Which of the lines below include "with"? Each one should be copied out.

-------------------------

(* Let $E$ be a real affine space of finite dimension, let $\mathcal{P}$ be a Yao-Yao partition of $E$ and let $c$ be its center. Let $\ell$ be an affine form on $E$ such that $\ell(c)=0$. Then there exists $A\in\mathcal{P}$ such that $\ell(x)\geq 0$ for all $x\in A$. Moreover, there is at most one element $A$ of $\mathcal{P}$ such that $\ell(x)>0$ for all $x\in A\setminus\{c\}$.
   Context: For a finite-dimensional real affine space $E$, $\vec{E}$ denotes its associated vector space. A set $\mathcal{P}$ of subsets of $E$ is a partition of $E$ if $\bigcup\mathcal{P}=E$ and the interiors of two distinct elements of $\mathcal{P}$ do not intersect (e.g. $\{(-\infty,a],[a,+\infty)\}$ is a partition of $\mathbb{R}$). Yao-Yao partitions and their centers are defined by induction on the dimension: if $E=\{c\}$ has dimension $0$, then $\mathcal{P}=\{\{c\}\}$ is a Yao-Yao partition of $E$ with center $c$. If $E$ has dimension $n\geq 1$, a set $\mathcal{P}$ is a Yao-Yao partition of $E$ if there exist an affine hyperplane $F$ of $E$, a vector $v\in\vec{E}\setminus\vec{F}$, and two Yao-Yao partitions $\mathcal{P}_+$ and $\mathcal{P}_-$ of $F$ having the same center $c$, such that $\mathcal{P}=\{A+\mathbb{R}_- v : A\in\mathcal{P}_-\}\cup\{A+\mathbb{R}_+ v : A\in\mathcal{P}_+\}$; the center of $\mathcal{P}$ is then $c$. *)

theory Defs
  imports "HOL-Analysis.Analysis"
begin

text \<open>A finite-dimensional real affine space is modelled as a nonempty affine subset
  E of a Euclidean space 'a. Its direction (associated vector space) is the set of differences.\<close>

definition direction_of :: "'a::euclidean_space set \<Rightarrow> 'a set" where
  "direction_of E = {x - y | x y. x \<in> E \<and> y \<in> E}"

definition half_neg :: "'a::euclidean_space set \<Rightarrow> 'a \<Rightarrow> 'a set" where
  "half_neg A v = {a + t *\<^sub>R v | a t. a \<in> A \<and> t \<le> 0}"

definition half_pos :: "'a::euclidean_space set \<Rightarrow> 'a \<Rightarrow> 'a set" where
  "half_pos A v = {a + t *\<^sub>R v | a t. a \<in> A \<and> t \<ge> 0}"

inductive yao_yao :: "'a::euclidean_space set \<Rightarrow> 'a set set \<Rightarrow> 'a \<Rightarrow> bool" where
  base: "yao_yao {c} {{c}} c"
| step: "\<lbrakk> affine E; aff_dim E \<ge> 1;
           affine F; F \<subseteq> E; aff_dim F = aff_dim E - 1;
           v \<in> direction_of E; v \<notin> direction_of F;
           yao_yao F Pm c; yao_yao F Pp c \<rbrakk>
         \<Longrightarrow> yao_yao E ((\<lambda>A. half_neg A v) ` Pm \<union> (\<lambda>A. half_pos A v) ` Pp) c"

definition affine_form_on :: "'a::euclidean_space set \<Rightarrow> ('a \<Rightarrow> real) \<Rightarrow> bool" where
  "affine_form_on E l \<longleftrightarrow>
     (\<forall>x\<in>E. \<forall>y\<in>E. \<forall>t::real. l ((1 - t) *\<^sub>R x + t *\<^sub>R y) = (1 - t) * l x + t * l y)"

end

theory Submission
  imports Defs
begin

text \<open>Along the direction v of the last step, an affine form l
  changes at a constant rate w. If w \<ge> 0, a cell of the partition of the hyperplane F on which
  l \<ge> 0 extends along +v to such a cell of E; if w < 0 the same works along -v. A cell
  half_pos A v on which l > 0 off c forces w > 0 (look at c + v) and l > 0 on A off c; symmetrically
  on the negative side w < 0. So all such cells lie on one side, where uniqueness comes from
  the induction hypothesis.\<close>

lemma affine_add_scaled_direction:
  assumes "affine E" "a \<in> E" "v \<in> direction_of E"
  shows "a + t *\<^sub>R v \<in> E"
proof -
  obtain x y where "v = x - y" "x \<in> E" "y \<in> E"
    using assms(3) unfolding direction_of_def by blast
  then show ?thesis using mem_affine_3_minus[OF assms(1,2)] by simp
qed

lemma uminus_direction_of:
  assumes "v \<in> direction_of E"
  shows "- v \<in> direction_of E"
proof -
  obtain x y where "v = x - y" "x \<in> E" "y \<in> E"
    using assms unfolding direction_of_def by blast
  then have "- v = y - x \<and> y \<in> E \<and> x \<in> E" by simp
  then show ?thesis unfolding direction_of_def by blast
qed

lemma affine_form_on_subset:
  "affine_form_on E l \<Longrightarrow> F \<subseteq> E \<Longrightarrow> affine_form_on F l"
  unfolding affine_form_on_def by blast

lemma affine_form_on_along_line:
  assumes "affine_form_on E l" "a \<in> E" "a + v \<in> E"
  shows "l (a + t *\<^sub>R v) = l a + t * (l (a + v) - l a)"
proof -
  have "l ((1 - t) *\<^sub>R a + t *\<^sub>R (a + v)) = (1 - t) * l a + t * l (a + v)"
    using assms unfolding affine_form_on_def by blast
  moreover have "(1 - t) *\<^sub>R a + t *\<^sub>R (a + v) = a + t *\<^sub>R v"
    by (simp add: algebra_simps)
  ultimately show ?thesis by (simp add: algebra_simps)
qed

text \<open>Both sides are read off the common midpoint of a + v and c.\<close>

lemma affine_form_on_increment_eq:
  assumes "affine_form_on E l" "a \<in> E" "a + v \<in> E" "c \<in> E" "c + v \<in> E"
  shows "l (a + v) - l a = l (c + v) - l c"
proof -
  have "l ((1 - 1/2) *\<^sub>R (a + v) + (1/2) *\<^sub>R c) = (1 - 1/2) * l (a + v) + (1/2) * l c"
    "l ((1 - 1/2) *\<^sub>R a + (1/2) *\<^sub>R (c + v)) = (1 - 1/2) * l a + (1/2) * l (c + v)"
    using assms unfolding affine_form_on_def by blast+
  moreover have "(1 - 1/2::real) *\<^sub>R (a + v) + (1/2) *\<^sub>R c = (1 - 1/2::real) *\<^sub>R a + (1/2) *\<^sub>R (c + v)"
    by (simp add: algebra_simps)
  ultimately show ?thesis by simp
qed

lemma affine_form_on_slope:
  assumes "affine E" "affine_form_on E l" "c \<in> E" "v \<in> direction_of E"
  obtains w where "\<And>a t. a \<in> E \<Longrightarrow> l (a + t *\<^sub>R v) = l a + t * w"
proof
  fix a t assume "a \<in> E"
  have "a + 1 *\<^sub>R v \<in> E" "c + 1 *\<^sub>R v \<in> E"
    using affine_add_scaled_direction assms \<open>a \<in> E\<close> by blast+
  then show "l (a + t *\<^sub>R v) = l a + t * (l (c + v) - l c)"
    using affine_form_on_along_line[OF assms(2) \<open>a \<in> E\<close>, of v t]
      affine_form_on_increment_eq[OF assms(2) \<open>a \<in> E\<close> _ assms(3)] by simp
qed

lemma half_neg_eq_half_pos_uminus: "half_neg A v = half_pos A (- v)"
proof (intro set_eqI iffI)
  fix x assume "x \<in> half_neg A v"
  then obtain a t where "x = a + (- t) *\<^sub>R (- v)" "a \<in> A" "0 \<le> - t"
    unfolding half_neg_def by auto
  then show "x \<in> half_pos A (- v)" unfolding half_pos_def by blast
next
  fix x assume "x \<in> half_pos A (- v)"
  then obtain a t where "x = a + (- t) *\<^sub>R v" "a \<in> A" "- t \<le> 0"
    unfolding half_pos_def by auto
  then show "x \<in> half_neg A v" unfolding half_neg_def by blast
qed

lemma half_pos_memI: "a \<in> A \<Longrightarrow> 0 \<le> t \<Longrightarrow> a + t *\<^sub>R u \<in> half_pos A u"
  unfolding half_pos_def by blast

lemma subset_half_pos: "A \<subseteq> half_pos A u"
  using half_pos_memI[of _ A 0 u] by auto

lemma half_pos_subset:
  assumes "affine E" "A \<subseteq> E" "u \<in> direction_of E"
  shows "half_pos A u \<subseteq> E"
  unfolding half_pos_def using affine_add_scaled_direction[OF assms(1) _ assms(3)] assms(2) by blast

lemma half_pos_nonneg:
  assumes "\<forall>a\<in>A. 0 \<le> l a" "\<And>a t. a \<in> A \<Longrightarrow> l (a + t *\<^sub>R u) = l a + t * w" "0 \<le> w"
  shows "\<forall>x\<in>half_pos A u. 0 \<le> l x"
  unfolding half_pos_def using assms by auto

lemma half_pos_pos_off_center:
  fixes l :: "'a::euclidean_space \<Rightarrow> real"
  assumes "c \<in> A" "l c = 0" "u \<noteq> 0" "l (c + u) = l c + s"
    and pos: "\<forall>x\<in>half_pos A u - {c}. 0 < l x"
  shows "0 < s \<and> (\<forall>x\<in>A - {c}. 0 < l x)"
proof
  have "c + 1 *\<^sub>R u \<in> half_pos A u"
    using assms(1) by (rule half_pos_memI) simp
  moreover have "c + u \<noteq> c" using assms(3) by simp
  ultimately have "0 < l (c + u)" using pos by simp
  then show "0 < s" using assms(2,4) by simp
  show "\<forall>x\<in>A - {c}. 0 < l x" using pos subset_half_pos[of A u] by blast
qed

lemma half_cylinders_nonneg_cell:
  fixes l :: "'a::euclidean_space \<Rightarrow> real"
  assumes cells: "\<Union>(Pm \<union> Pp) \<subseteq> E"
    and slope: "\<And>a t. a \<in> E \<Longrightarrow> l (a + t *\<^sub>R v) = l a + t * w"
    and nonneg_m: "\<exists>A\<in>Pm. \<forall>x\<in>A. 0 \<le> l x" and nonneg_p: "\<exists>A\<in>Pp. \<forall>x\<in>A. 0 \<le> l x"
  shows "\<exists>A\<in>(\<lambda>A. half_neg A v) ` Pm \<union> (\<lambda>A. half_pos A v) ` Pp. \<forall>x\<in>A. 0 \<le> l x"
proof (cases "0 \<le> w")
  case True
  obtain A where A: "A \<in> Pp" "\<forall>x\<in>A. 0 \<le> l x" using nonneg_p by blast
  then have "\<forall>x\<in>half_pos A v. 0 \<le> l x"
    using half_pos_nonneg[OF A(2) _ True] slope cells by blast
  with A(1) show ?thesis by blast
next
  case False
  obtain A where A: "A \<in> Pm" "\<forall>x\<in>A. 0 \<le> l x" using nonneg_m by blast
  have "l (a + t *\<^sub>R - v) = l a + t * - w" if "a \<in> A" for a t
    using slope[of a "- t"] that A(1) cells by auto
  then have "\<forall>x\<in>half_neg A v. 0 \<le> l x"
    using half_pos_nonneg[OF A(2), of "- v" "- w"] False by (simp add: half_neg_eq_half_pos_uminus)
  with A(1) show ?thesis by blast
qed

lemma half_cylinders_pos_cell_side:
  fixes l :: "'a::euclidean_space \<Rightarrow> real"
  assumes cells: "\<And>A. A \<in> Pm \<union> Pp \<Longrightarrow> c \<in> A \<and> A \<subseteq> E"
    and "l c = 0" "v \<noteq> 0"
    and slope: "\<And>a t. a \<in> E \<Longrightarrow> l (a + t *\<^sub>R v) = l a + t * w"
    and C: "C \<in> (\<lambda>A. half_neg A v) ` Pm \<union> (\<lambda>A. half_pos A v) ` Pp" "\<forall>x\<in>C - {c}. 0 < l x"
  shows "(w < 0 \<and> (\<exists>A\<in>Pm. C = half_neg A v \<and> (\<forall>x\<in>A - {c}. 0 < l x)))
       \<or> (0 < w \<and> (\<exists>A\<in>Pp. C = half_pos A v \<and> (\<forall>x\<in>A - {c}. 0 < l x)))"
proof -
  from C(1) consider (neg) A where "A \<in> Pm" "C = half_neg A v"
    | (pos) A where "A \<in> Pp" "C = half_pos A v"
    by blast
  then show ?thesis
  proof cases
    case neg
    then have "c \<in> A" "c \<in> E" using cells[of A] by auto
    then have "0 < - w \<and> (\<forall>x\<in>A - {c}. 0 < l x)"
      using half_pos_pos_off_center[of c A l "- v" "- w"] slope[of c "- 1"] C(2) neg(2) assms(2,3)
      by (simp add: half_neg_eq_half_pos_uminus)
    then show ?thesis using neg by auto
  next
    case pos
    then have "c \<in> A" "c \<in> E" using cells[of A] by auto
    then have "0 < w \<and> (\<forall>x\<in>A - {c}. 0 < l x)"
      using half_pos_pos_off_center[of c A l v w] slope[of c 1] C(2) pos(2) assms(2,3) by simp
    then show ?thesis using pos by blast
  qed
qed

lemma half_cylinders_unique_pos_cell:
  fixes l :: "'a::euclidean_space \<Rightarrow> real"
  assumes cells: "\<And>A. A \<in> Pm \<union> Pp \<Longrightarrow> c \<in> A \<and> A \<subseteq> E"
    and "l c = 0" "v \<noteq> 0"
    and slope: "\<And>a t. a \<in> E \<Longrightarrow> l (a + t *\<^sub>R v) = l a + t * w"
    and unique_m: "\<forall>A\<in>Pm. \<forall>B\<in>Pm. (\<forall>x\<in>A - {c}. 0 < l x) \<and> (\<forall>x\<in>B - {c}. 0 < l x) \<longrightarrow> A = B"
    and unique_p: "\<forall>A\<in>Pp. \<forall>B\<in>Pp. (\<forall>x\<in>A - {c}. 0 < l x) \<and> (\<forall>x\<in>B - {c}. 0 < l x) \<longrightarrow> A = B"
  shows "\<forall>A'\<in>(\<lambda>A. half_neg A v) ` Pm \<union> (\<lambda>A. half_pos A v) ` Pp.
         \<forall>B'\<in>(\<lambda>A. half_neg A v) ` Pm \<union> (\<lambda>A. half_pos A v) ` Pp.
           (\<forall>x\<in>A' - {c}. 0 < l x) \<and> (\<forall>x\<in>B' - {c}. 0 < l x) \<longrightarrow> A' = B'"
proof (intro ballI impI, elim conjE)
  fix A' B'
  assume A': "A' \<in> (\<lambda>A. half_neg A v) ` Pm \<union> (\<lambda>A. half_pos A v) ` Pp" "\<forall>x\<in>A' - {c}. 0 < l x"
    and B': "B' \<in> (\<lambda>A. half_neg A v) ` Pm \<union> (\<lambda>A. half_pos A v) ` Pp" "\<forall>x\<in>B' - {c}. 0 < l x"
  have side: "(w < 0 \<and> (\<exists>A\<in>Pm. C = half_neg A v \<and> (\<forall>x\<in>A - {c}. 0 < l x)))
       \<or> (0 < w \<and> (\<exists>A\<in>Pp. C = half_pos A v \<and> (\<forall>x\<in>A - {c}. 0 < l x)))"
    if "C \<in> (\<lambda>A. half_neg A v) ` Pm \<union> (\<lambda>A. half_pos A v) ` Pp" "\<forall>x\<in>C - {c}. 0 < l x" for C
    by (rule half_cylinders_pos_cell_side) (fact cells assms(2,3) slope that)+
  show "A' = B'"
  proof (cases "w < 0")
    case True
    then obtain A B where "A \<in> Pm" "A' = half_neg A v" "\<forall>x\<in>A - {c}. 0 < l x"
      and "B \<in> Pm" "B' = half_neg B v" "\<forall>x\<in>B - {c}. 0 < l x"
      using side[OF A'] side[OF B'] by auto
    then show ?thesis using unique_m by blast
  next
    case False
    then obtain A B where "A \<in> Pp" "A' = half_pos A v" "\<forall>x\<in>A - {c}. 0 < l x"
      and "B \<in> Pp" "B' = half_pos B v" "\<forall>x\<in>B - {c}. 0 < l x"
      using side[OF A'] side[OF B'] by auto
    then show ?thesis using unique_p by blast
  qed
qed

lemma yao_yao_center_mem: "yao_yao E P c \<Longrightarrow> c \<in> E"
  by (induction rule: yao_yao.induct) auto

lemma yao_yao_cell:
  assumes "yao_yao E P c" "A \<in> P"
  shows "c \<in> A \<and> A \<subseteq> E"
  using assms
proof (induction arbitrary: A rule: yao_yao.induct)
  case (base c)
  then show ?case by simp
next
  case (step E F v Pm c Pp)
  have extend: "c \<in> half_pos B u \<and> half_pos B u \<subseteq> E"
    if "c \<in> B \<and> B \<subseteq> F" "u \<in> direction_of E" for B u
    using subset_half_pos[of B u] half_pos_subset[OF step.hyps(1) _ that(2)] that(1) step.hyps(4)
    by blast
  from step.prems consider
      (neg) B where "B \<in> Pm" "A = half_pos B (- v)"
    | (pos) B where "B \<in> Pp" "A = half_pos B v"
    by (auto simp: half_neg_eq_half_pos_uminus)
  then show ?case
  proof cases
    case neg
    then show ?thesis using extend step.IH(1) uminus_direction_of[OF step.hyps(6)] by blast
  next
    case pos
    then show ?thesis using extend step.IH(2) step.hyps(6) by blast
  qed
qed

lemma yao_yao_nonneg_cell_unique_pos_cell:
  assumes "yao_yao E P c" "affine_form_on E l" "l c = 0"
  shows "(\<exists>A\<in>P. \<forall>x\<in>A. l x \<ge> 0)
       \<and> (\<forall>A\<in>P. \<forall>B\<in>P. (\<forall>x\<in>A - {c}. l x > 0) \<and> (\<forall>x\<in>B - {c}. l x > 0) \<longrightarrow> A = B)"
  using assms
proof (induction rule: yao_yao.induct)
  case (base c)
  then show ?case by simp
next
  case (step E F v Pm c Pp)
  have "affine_form_on F l"
    using affine_form_on_subset step.prems(1) step.hyps(4) .
  note IHm = step.IH(1)[OF this step.prems(2)] and IHp = step.IH(2)[OF this step.prems(2)]
  have cF: "c \<in> F" using yao_yao_center_mem[OF step.hyps(8)] .
  have cells: "c \<in> A \<and> A \<subseteq> E" if "A \<in> Pm \<union> Pp" for A
    using that yao_yao_cell[OF step.hyps(8)] yao_yao_cell[OF step.hyps(9)] step.hyps(4) by blast
  have "v \<noteq> 0"
  proof
    assume "v = 0"
    then have "v = c - c" by simp
    with cF step.hyps(7) show False unfolding direction_of_def by blast
  qed
  obtain w where slope: "\<And>a t. a \<in> E \<Longrightarrow> l (a + t *\<^sub>R v) = l a + t * w"
    using affine_form_on_slope[OF step.hyps(1) step.prems(1) _ step.hyps(6)] cF step.hyps(4) by blast
  have "\<Union>(Pm \<union> Pp) \<subseteq> E" using cells by blast
  from half_cylinders_nonneg_cell[OF this slope conjunct1[OF IHm] conjunct1[OF IHp]]
    half_cylinders_unique_pos_cell[OF cells step.prems(2) \<open>v \<noteq> 0\<close> slope
      conjunct2[OF IHm] conjunct2[OF IHp]]
  show ?case ..
qed

theorem mainTheorem1:
  fixes E :: "'a::euclidean_space set" and P :: "'a set set" and c :: 'a
    and l :: "'a \<Rightarrow> real"
  assumes "affine E"
    and "yao_yao E P c"
    and "affine_form_on E l"
    and "l c = 0"
  shows "(\<exists>A\<in>P. \<forall>x\<in>A. l x \<ge> 0)
       \<and> (\<forall>A\<in>P. \<forall>B\<in>P. (\<forall>x\<in>A - {c}. l x > 0) \<and> (\<forall>x\<in>B - {c}. l x > 0) \<longrightarrow> A = B)"
  using yao_yao_nonneg_cell_unique_pos_cell[OF assms(2-4)] .

end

-------------------------

* _Your solution_:
   Context: For a finite-dimensional real affine space $E$, $\vec{E}$ denotes its associated vector space. A set $\mathcal{P}$ of subsets of $E$ is a partition of $E$ if $\bigcup\mathcal{P}=E$ and the interiors of two distinct elements of $\mathcal{P}$ do not intersect (e.g. $\{(-\infty,a],[a,+\infty)\}$ is a partition of $\mathbb{R}$). Yao-Yao partitions and their centers are defined by induction on the dimension: if $E=\{c\}$ has dimension $0$, then $\mathcal{P}=\{\{c\}\}$ is a Yao-Yao partition of $E$ with center $c$. If $E$ has dimension $n\geq 1$, a set $\mathcal{P}$ is a Yao-Yao partition of $E$ if there exist an affine hyperplane $F$ of $E$, a vector $v\in\vec{E}\setminus\vec{F}$, and two Yao-Yao partitions $\mathcal{P}_+$ and $\mathcal{P}_-$ of $F$ having the same center $c$, such that $\mathcal{P}=\{A+\mathbb{R}_- v : A\in\mathcal{P}_-\}\cup\{A+\mathbb{R}_+ v : A\in\mathcal{P}_+\}$; the center of $\mathcal{P}$ is then $c$. *)
  with A(1) show ?thesis by blast
  with A(1) show ?thesis by blast
    with cF step.hyps(7) show False unfolding direction_of_def by blast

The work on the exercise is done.